House Speaker Mike Johnson said political leaders should not call their opponents “enemies” — but declined to criticize Donald Trump for his long-running habit of doing exactly that.
Johnson urged lawmakers on both sides of the aisle to respectfully engage with each other and to “turn down the temperature and the violent rhetoric” following the fatal shooting of conservative activist Charlie Kirk last Wednesday.
“Leaders cannot call their political opponents Nazis and fascists and enemies of the state because they disagree with their policy priorities. I mean, this is something we should have learned in grade school,” Johnson said during Tuesday’s weekly House Republican Leadership press conference on Capitol Hill.
“This type of language spurs on depraved people, deranged people who take that as a cue. And this tragic phenomenon played out this week in Utah,” he added.

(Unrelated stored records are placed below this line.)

lemma nn_integral_F_fun_ito:
  assumes Q: "ito_lifetime_law Q"
  shows "(\<lambda>v. ennreal (F_fun \<eta> v)) \<in> borel_measurable Q"
    and "(\<integral>\<^sup>+v. ennreal (F_fun \<eta> v) \<partial>Q) = (\<integral>\<^sup>+x. ito_density x * ennreal (1 - exp (- \<eta> * x)) \<partial>lborel)"
proof -
  define L where "L v = real_of_ereal (exc_end v)" for v
  have L: "L \<in> measurable Q lborel"
    and D: "distr Q lborel L = density lborel ito_density"
    using Q unfolding ito_lifetime_law_def ito_density_def L_def by auto
  have g: "(\<lambda>x::real. ennreal (1 - exp (- \<eta> * x))) \<in> borel_measurable lborel" by measurable
  have F: "ennreal (F_fun \<eta> v) = ennreal (1 - exp (- \<eta> * L v))" if "v \<in> space Q" for v
    using F_fun_ito_excursion(1)[OF Q that] by (simp add: L_def)
  show "(\<lambda>v. ennreal (F_fun \<eta> v)) \<in> borel_measurable Q"
    using measurable_compose[OF L g] by (rule measurable_cong[THEN iffD1, rotated]) (simp add: F)
  have "(\<integral>\<^sup>+v. ennreal (F_fun \<eta> v) \<partial>Q) = (\<integral>\<^sup>+v. ennreal (1 - exp (- \<eta> * L v)) \<partial>Q)"
    by (rule nn_integral_cong) (simp add: F)
  also have "\<dots> = (\<integral>\<^sup>+x. ennreal (1 - exp (- \<eta> * x)) \<partial>distr Q lborel L)"
    using L g by (simp add: nn_integral_distr)
  also have "\<dots> = (\<integral>\<^sup>+x. ito_density x * ennreal (1 - exp (- \<eta> * x)) \<partial>lborel)"
    unfolding D by (rule nn_integral_density) (unfold ito_density_def, measurable)
  finally show "(\<integral>\<^sup>+v. ennreal (F_fun \<eta> v) \<partial>Q) = \<dots>" .
qed

lemma nn_integral_F_fun_Theta:
  assumes Q: "ito_lifetime_law Q"
  shows "(\<integral>\<^sup>+v. ennreal (F_fun \<eta> (Theta w \<tau> v)) \<partial>Q)
           = ennreal (exp (- \<eta> * \<tau>)) * (\<integral>\<^sup>+x. ito_density x * ennreal (1 - exp (- \<eta> * x)) \<partial>lborel)"
proof -
  have "(\<integral>\<^sup>+v. ennreal (F_fun \<eta> (Theta w \<tau> v)) \<partial>Q) = (\<integral>\<^sup>+v. ennreal (exp (- \<eta> * \<tau>)) * ennreal (F_fun \<eta> v) \<partial>Q)"
    by (rule nn_integral_cong)
       (simp add: F_fun_Theta F_fun_ito_excursion(2)[OF Q] ennreal_mult')
  also have "\<dots> = ennreal (exp (- \<eta> * \<tau>)) * (\<integral>\<^sup>+v. ennreal (F_fun \<eta> v) \<partial>Q)"
    using nn_integral_F_fun_ito(1)[OF Q] by (rule nn_integral_cmult)
  finally show ?thesis by (simp add: nn_integral_F_fun_ito(2)[OF Q])
qed

lemma nn_integral_exp_excursion_interval:
  assumes "0 < \<eta>" and w: "w \<in> Excursions"
  shows "(\<integral>\<^sup>+\<tau>. ennreal (exp (- \<eta> * \<tau>)) *
             indicator {\<tau>. ereal (exc_start w) \<le> ereal \<tau> \<and> ereal \<tau> \<le> exc_end w} \<tau> \<partial>lborel)
           = ennreal (F_fun \<eta> w / \<eta>)"
proof -
  define s where "s = exc_start w"
  have "ereal s < exc_end w" using w by (simp add: Excursions_def is_excursion_def s_def)
  then consider t where "exc_end w = ereal t" "s < t" | "exc_end w = \<infinity>"
    by (cases "exc_end w") auto
  then show ?thesis
  proof cases
    case (1 t)
    have "{\<tau>. ereal (exc_start w) \<le> ereal \<tau> \<and> ereal \<tau> \<le> exc_end w} = {s..t}"
      using 1 by (auto simp: s_def)
    moreover have "((\<lambda>\<tau>. exp (- \<eta> * \<tau>)) has_integral F_fun \<eta> w / \<eta>) {s..t}"
    proof -
      have "((\<lambda>\<tau>. exp (- \<eta> * \<tau>)) has_integral (- exp (- \<eta> * t) / \<eta> - (- exp (- \<eta> * s) / \<eta>))) {s..t}"
        using 1 \<open>0 < \<eta>\<close>
        by (intro fundamental_theorem_of_calculus)
           (auto intro!: derivative_eq_intros simp flip: has_real_derivative_iff_has_vector_derivative)
      moreover have "F_fun \<eta> w = exp (- \<eta> * s) - exp (- \<eta> * t)"
        using 1 by (simp add: F_fun_def s_def algebra_simps flip: exp_add)
      ultimately show ?thesis by (simp add: diff_divide_distrib)
    qed
    ultimately show ?thesis
      by (simp add: nn_integral_has_integral_lebesgue')
  next
    case 2
    have "{\<tau>. ereal (exc_start w) \<le> ereal \<tau> \<and> ereal \<tau> \<le> exc_end w} = {s..}"
      using 2 by (auto simp: s_def)
    moreover have "F_fun \<eta> w = exp (- \<eta> * s)" using 2 by (simp add: F_fun_def s_def)
    ultimately show ?thesis
      using has_integral_exp_minus_to_infinity[OF \<open>0 < \<eta>\<close>, of s]
      by (simp add: nn_integral_has_integral_lebesgue')
  qed
qed

lemma fan_integral_F_fun:
  assumes Q: "ito_lifetime_law Q" and "0 < \<eta>" and w: "w \<in> Excursions"
  shows "fan_integral a Q w (\<lambda>v. ennreal (F_fun \<eta> v))
           = ennreal (a / 2) * ennreal (F_fun \<eta> w / \<eta>) *
             (\<integral>\<^sup>+x. ito_density x * ennreal (1 - exp (- \<eta> * x)) \<partial>lborel)"
proof -
  define S where "S = {\<tau>. ereal (exc_start w) \<le> ereal \<tau> \<and> ereal \<tau> \<le> exc_end w}"
  define J where "J = (\<integral>\<^sup>+x. ito_density x * ennreal (1 - exp (- \<eta> * x)) \<partial>lborel)"
  have "S \<in> sets borel" unfolding S_def by measurable
  then have "(\<lambda>\<tau>. ennreal (exp (- \<eta> * \<tau>)) * indicator S \<tau>) \<in> borel_measurable lborel"
    by measurable
  then have "(\<integral>\<^sup>+\<tau>. (ennreal (exp (- \<eta> * \<tau>)) * indicator S \<tau>) * J \<partial>lborel) = ennreal (F_fun \<eta> w / \<eta>) * J"
    using nn_integral_exp_excursion_interval[OF \<open>0 < \<eta>\<close> w]
    by (simp add: nn_integral_multc S_def)
  then show ?thesis
    using nn_integral_F_fun_Theta[OF Q]
    by (simp add: fan_integral_def S_def J_def mult_ac)
qed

When asked by CNN if he would urge Trump, who has long labeled Democrats as “evil” and the “enemy,” to change his own rhetoric, Johnson said the president “has been called the most despicable names by people on the left for a long, long time.”
“Look, there’s a lot of heated rhetoric all around and what I’m trying to advance here is the idea that we can have vigorous policy debates,” he added, according to CNN.
Johnson then pointed to Kirk, a devoted ally of Trump, as an example, saying, “We can have vehement disagreements on policy, but it shouldn’t be personal.”
“At the end of the day, we’re trying to bring people to our mode of thinking, and it’s more effective that way when you handle it that way. And I think Charlie was a great example of that,” he added.
The exchange came as Trump and other MAGA leaders have insisted that the left is more responsible for the recent spike in political violence than the right after Kirk, 31, was killed while speaking to a Utah college campus.
“Well, the problem is on the left,” Trump said to reporters outside Air Force One on Tuesday, according to Fox News.
“The problem is on the left if you look at the problem – it’s not on the right like some people like to say, on the right. The problem we have is on the left. When you look at the agitators, you look at the scum that speaks so badly of our country, the American flag burnings all over the place, that’s the left, that’s not the right,” he said.
Kirk’s killing during a speaking engagement at Utah Valley University, which was caught on horrifying footage and blasted across social media, has been deeply polarizing.
In the days following his death, Republicans have been demanding action against anyone who has reacted to the killing by “praising, rationalising, or making light” of it or by “belittling” his memory.
Meanwhile, Kirk’s suspected killer, 22-year-old Tyler Robinson, was formally charged with aggravated murder and several other charges on Tuesday.
He will face the death penalty if convicted, officials said.